lemma tail_integral_pos: "0 < (LINT a:{0..A}|lborel. tail a)"
proof -
  obtain d where d: "0 < d" "d < A" "\<And>a. 0 \<le> a \<Longrightarrow> a \<le> d \<Longrightarrow> 1 / 2 \<le> tail a"
    using tail_ge_half by metis
  have "integrable lborel (\<lambda>a. indicator {0..A} a * tail a)"
    using tail_nonneg tail_le_1
    by (intro Bochner_Integration.integrable_bound[OF integrable_indicator_Icc_const[of 0 A 1]])
      (auto simp: indicator_def)
  moreover have "0 < indicator {0..A} a * tail a" if "0 < a" "a < d" for a
    using that d(2) d(3)[of a] by (simp add: indicator_def)
  ultimately show ?thesis
    unfolding set_lebesgue_integral_def using tail_nonneg d(1)
    by (intro integral_pos_of_pos_on_interval) auto
qed

lemma pi0_mult_xs:
  assumes a: "0 \<le> a" "a < A"
  shows "pi0 A mu z k a * xs a = xs 0 * tail a"
proof -
  have "indicator {a..A} s * (k s * exp (- (LINT l:{a..s}|lborel. z + mu l))) * xs a
      = xs 0 * (indicator {a..A} s * ktilde mu z k s)" if "s \<notin> {A}" for s
  proof (cases "s \<in> {a..A}")
    case True
    then have s: "a \<le> s" "s < A" using that by auto
    have "(LINT l:{a..s}|lborel. z + mu l) = (LINT l:{a..s}|lborel. mu l) + z * (s - a)"
      using set_integral_Icc_add_const[OF mu_set_integrable[OF a(1) s(2)] s(1), of z]
      by (simp add: add.commute)
    moreover have "ktilde mu z k s = k s * xs s / xs 0"
      using ktilde_eq[of s] s a by simp
    moreover have "xs s = xs a * exp (- ((LINT l:{a..s}|lborel. mu l) + z * (s - a)))"
    proof -
      have "exp (- (cum_mu s + z * s))
          = exp (- (cum_mu a + z * a)) * exp (- ((LINT l:{a..s}|lborel. mu l) + z * (s - a)))"
        unfolding cum_mu_split[OF a(1) s] by (simp add: mult_exp_exp algebra_simps)
      then show ?thesis using xs_eq[OF a] xs_eq[of s] s a by simp
    qed
    ultimately show ?thesis using True xs0_pos by (simp add: field_simps)
  qed simp
  then have "pi0 A mu z k a * xs a = (LINT s|lborel. xs 0 * (indicator {a..A} s * ktilde mu z k s))"
    unfolding pi0_def set_lebesgue_integral_def
    by (simp only: real_scaleR_def integral_mult_left_zero[symmetric])
      (rule integral_eq_except_finite[of "{A}"], auto)
  also have "\<dots> = xs 0 * tail a"
    using tail_eq[OF a(1)] unfolding set_lebesgue_integral_def by simp
  finally show ?thesis .
qed

lemma pi0_pairing:
  assumes T: "0 \<le> T"
  shows "(LINT a:{0..A}|lborel. pi0 A mu z k a * x a T) = xs 0 * growth T * enn2real (weighted_mass 0)"
proof -
  have "indicator {0..A} a * (pi0 A mu z k a * x a T)
      = (xs 0 * growth T) * (indicator {0..A} a * (tail a * cohort (T - a)))" if "a \<notin> {A}" for a
  proof (cases "a \<in> {0..A}")
    case True
    then have a: "0 \<le> a" "a < A" using that by auto
    have "x a T = xs a * growth T * cohort (T - a)"
      using normalized_eq_cohort[OF a T] xs_pos[OF a] growth_pos[of T]
      by (simp add: normalized_def field_simps)
    then show ?thesis using True pi0_mult_xs[OF a] by simp
  qed simp
  then have "(LINT a:{0..A}|lborel. pi0 A mu z k a * x a T)
      = (xs 0 * growth T) * (LINT a:{0..A}|lborel. tail a * cohort (T - a))"
    unfolding set_lebesgue_integral_def
    by (simp only: real_scaleR_def integral_mult_right_zero[symmetric])
      (rule integral_eq_except_finite[of "{A}"], auto)
  then show ?thesis
    using weighted_mass_integral[of T] weighted_mass_const[OF T] by simp
qed

lemma pi0_pairing_xs:
  "(LINT a:{0..A}|lborel. pi0 A mu z k a * xs a) = xs 0 * (LINT a:{0..A}|lborel. tail a)"
  unfolding set_lebesgue_integral_def
  by (simp only: real_scaleR_def integral_mult_right_zero[symmetric])
    (rule integral_eq_except_finite[of "{A}"], auto simp: pi0_mult_xs indicator_def)

definition "Pi_init = PiF A mu z k xs (\<lambda>b. x b 0)"

lemma PiF_solution: "0 \<le> T \<Longrightarrow> PiF A mu z k xs (\<lambda>b. x b T) = growth T * Pi_init"
  unfolding Pi_init_def PiF_def using pi0_pairing[of T] pi0_pairing[of 0] growth_0 by simp

lemma Pi_init_pos: "Pi_init > 0"
  unfolding Pi_init_def PiF_def
  using pi0_pairing[of 0] pi0_pairing_xs weighted_mass_0_pos tail_integral_pos xs0_pos growth_0
  by simp

lemma Pi_init_eq_initial: "Pi_init = PiF A mu z k xs x0"
proof -
  have "(LINT a:{0..A}|lborel. pi0 A mu z k a * x a 0) = (LINT a:{0..A}|lborel. pi0 A mu z k a * x0 a)"
    unfolding set_lebesgue_integral_def
    by (rule integral_eq_except_finite[of "{0, A}"]) (auto simp: x_initial indicator_def)
  then show ?thesis unfolding Pi_init_def PiF_def by simp
qed

lemma exp_eta: "0 \<le> t \<Longrightarrow> exp (eta A mu z k xs x t) = growth t * Pi_init"
  unfolding eta_def using PiF_solution[of t] growth_pos[of t] Pi_init_pos by simp

lemma eta_eq: "0 \<le> t \<Longrightarrow> eta A mu z k xs x t = z * t - cum_W t + ln Pi_init"
  unfolding eta_def using PiF_solution[of t] growth_pos[of t] Pi_init_pos
  by (simp add: ln_mult growth_def)

lemma eta_has_derivative:
  assumes t: "0 \<le> t"
  shows "(eta A mu z k xs x has_real_derivative z - W t) (at t within {0..})"
proof -
  have "((\<lambda>s. z * s - cum_W s + ln Pi_init) has_real_derivative z * 1 - W t + 0) (at t within {0..})"
    by (intro derivative_intros DERIV_cmult[OF DERIV_ident] cum_W_has_derivative[OF t])
  then have "((\<lambda>s. z * s - cum_W s + ln Pi_init) has_real_derivative z - W t) (at t within {0..})"
    by simp
  then show ?thesis
    by (rule has_field_derivative_transform_within[where d=1]) (use t eta_eq in auto)
qed

definition "psi r = cohort r / Pi_init - 1"

lemma psi_eq:
  assumes "0 \<le> a" "a < A" "0 \<le> t"
  shows "psi (t - a) = x a t / (xs a * PiF A mu z k xs (\<lambda>b. x b t)) - 1"
  using normalized_eq_cohort[OF assms, symmetric] PiF_solution[OF assms(3)]
  by (simp add: psi_def normalized_def mult.assoc)

lemma psi_renewal:
  assumes t: "0 \<le> t"
  shows "psi t = (LINT a:{0..A}|lborel. ktilde mu z k a * psi (t - a))"
proof -
  have "(LINT a:{0..A}|lborel. ktilde mu z k a * psi (t - a))
      = (LINT a|lborel. renewal_kernel a * cohort (t - a) / Pi_init - renewal_kernel a)"
    unfolding set_lebesgue_integral_def psi_def renewal_kernel_def
    by (intro arg_cong[where f="integral\<^sup>L lborel"]) (auto simp: fun_eq_iff indicator_def field_simps)
  also have "\<dots> = (LINT a|lborel. renewal_kernel a * cohort (t - a)) / Pi_init - 1"
    using cohort_renewal(1)[OF t] renewal_kernel_integrable renewal_kernel_integral by simp
  finally show ?thesis
    unfolding psi_def using cohort_renewal(2)[OF t] by simp
qed

lemma eta_0: "eta A mu z k xs x 0 = ln (PiF A mu z k xs x0)"
  unfolding eta_def using Pi_init_eq_initial Pi_init_def by simp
════
TASK DESCRIPTION: Copy task for the entries above: every line with the string "assumes".

RESULT OF THE EXERCISE:
  assumes a: "0 \<le> a" "a < A"
  assumes T: "0 \<le> T"
  assumes t: "0 \<le> t"
  assumes "0 \<le> a" "a < A" "0 \<le> t"
  assumes t: "0 \<le> t"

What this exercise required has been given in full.